> [Work order] Where a line below includes the word "unfolding", copy that line.

=== Listed entries ===

lemma obtain_normalised_trace_form:
  obtains c :: 'a where "linear_form (frobenius_fixed q) (\<lambda>x. rel_trace q h (c * x))"
    and "card {x. rel_trace q h (c * x) = 0} \<le> q ^ (h - 1)"
proof -
  interpret additive "rel_trace q h :: 'a \<Rightarrow> 'a"
    by (rule additive_rel_trace)
  have "q ^ (h - 1) < card (UNIV :: 'a set)"
    using card_eq q_ge_2 h_pos by (simp add: power_strict_increasing)
  then have "{x :: 'a. rel_trace q h x = 0} \<noteq> UNIV"
    using card_rel_trace_kernel_le by auto
  then obtain c0 :: 'a where c0: "rel_trace q h c0 \<noteq> 0"
    by auto
  define c where "c = inverse (rel_trace q h c0) * c0"
  have "rel_trace q h c = 1"
    using c0 unfolding c_def
    by (subst rel_trace_scale)
      (simp_all add: rel_trace_mem type_subfield.inverse_mem[OF subfield_frobenius_fixed])
  then have "c \<noteq> 0"
    using zero by auto
  show thesis
  proof
    show "linear_form (frobenius_fixed q) (\<lambda>x. rel_trace q h (c * x))"
      by (intro linear_form.intro linear_form_axioms.intro additive.intro subfield_frobenius_fixed)
        (simp_all add: distrib_left add rel_trace_mem rel_trace_scale mult.left_commute
          \<open>rel_trace q h c = 1\<close>)
    have "bij_betw ((*) c) {x. rel_trace q h (c * x) = 0} {x. rel_trace q h x = 0}"
      by (rule bij_betwI[where g = "\<lambda>y. y / c"]) (use \<open>c \<noteq> 0\<close> in auto)
    then show "card {x. rel_trace q h (c * x) = 0} \<le> q ^ (h - 1)"
      using bij_betw_same_card card_rel_trace_kernel_le by metis
  qed
qed

end

end

section \<open>Points, lines and blocking sets of PG(2, F)\<close>

definition smul :: "'a::field \<Rightarrow> 'a \<times> 'a \<times> 'a \<Rightarrow> 'a \<times> 'a \<times> 'a" where
  "smul c v = (c * fst v, c * fst (snd v), c * snd (snd v))"

definition dot :: "'a::field \<times> 'a \<times> 'a \<Rightarrow> 'a \<times> 'a \<times> 'a \<Rightarrow> 'a" where
  "dot a v = fst a * fst v + fst (snd a) * fst (snd v) + snd (snd a) * snd (snd v)"

lemma smul_Pair [simp]: "smul c (x, y, z) = (c * x, c * y, c * z)"
  by (simp add: smul_def)

lemma dot_diff: "dot a (u - v) = dot a u - dot a v"
  by (simp add: dot_def algebra_simps)

lemma pg_point_altdef: "pg_point v = {smul c v | c. c \<noteq> 0}"
  by (simp add: pg_point_def smul_def)

lemma pg_point_eqD:
  assumes "pg_point u = pg_point v"
  obtains c where "c \<noteq> 0" and "u = smul c v"
proof -
  have "u \<in> pg_point u"
    unfolding pg_point_altdef by (rule CollectI, rule exI[of _ 1]) (simp add: smul_def)
  then have "u \<in> pg_point v"
    by (simp only: assms)
  then show thesis
    unfolding pg_point_altdef by (elim CollectE exE conjE) (rule that)
qed

lemma pg_point_smul:
  assumes "c \<noteq> 0"
  shows "pg_point (smul c v) = pg_point v"
  unfolding pg_point_altdef
proof (intro subset_antisym subsetI)
  fix w assume "w \<in> {smul d (smul c v) | d. d \<noteq> 0}"
  then obtain d where "d \<noteq> 0" and "w = smul (d * c) v"
    by (auto simp: smul_def mult.assoc)
  then show "w \<in> {smul d v | d. d \<noteq> 0}"
    using assms by auto
next
  fix w assume "w \<in> {smul d v | d. d \<noteq> 0}"
  then obtain d where "d \<noteq> 0" and "w = smul (d / c) (smul c v)"
    using assms by (auto simp: smul_def)
  then show "w \<in> {smul d (smul c v) | d. d \<noteq> 0}"
    using assms by auto
qed

lemma pg_point_in_pg_points: "v \<noteq> (0, 0, 0) \<Longrightarrow> pg_point v \<in> pg_points"
  by (simp add: pg_points_def)

lemma pg_point_in_pg_line: "v \<noteq> (0, 0, 0) \<Longrightarrow> dot a v = 0 \<Longrightarrow> pg_point v \<in> pg_line a"
  unfolding pg_line_def dot_def by (cases v) auto

lemma card_pg_points_ge:
  "card (UNIV :: 'a set) ^ 2 \<le> card (pg_points :: ('a::{finite,field} \<times> 'a \<times> 'a) set set)"
proof -
  let ?g = "\<lambda>(x, y). pg_point (x, y, 1 :: 'a)"
  have "inj ?g"
    by (auto intro!: injI elim!: pg_point_eqD)
  moreover have "range ?g \<subseteq> pg_points"
    by (auto intro!: pg_point_in_pg_points)
  ultimately have "card (UNIV :: ('a \<times> 'a) set) \<le> card (pg_points :: ('a \<times> 'a \<times> 'a) set set)"
    by (intro card_inj_on_le) auto
  then show ?thesis
    by (simp add: card_cartesian_product power2_eq_square flip: UNIV_Times_UNIV)
qed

===

> [Exercise response]
    using c0 unfolding c_def
    unfolding pg_point_altdef by (rule CollectI, rule exI[of _ 1]) (simp add: smul_def)
    unfolding pg_point_altdef by (elim CollectE exE conjE) (rule that)
  unfolding pg_point_altdef
  unfolding pg_line_def dot_def by (cases v) auto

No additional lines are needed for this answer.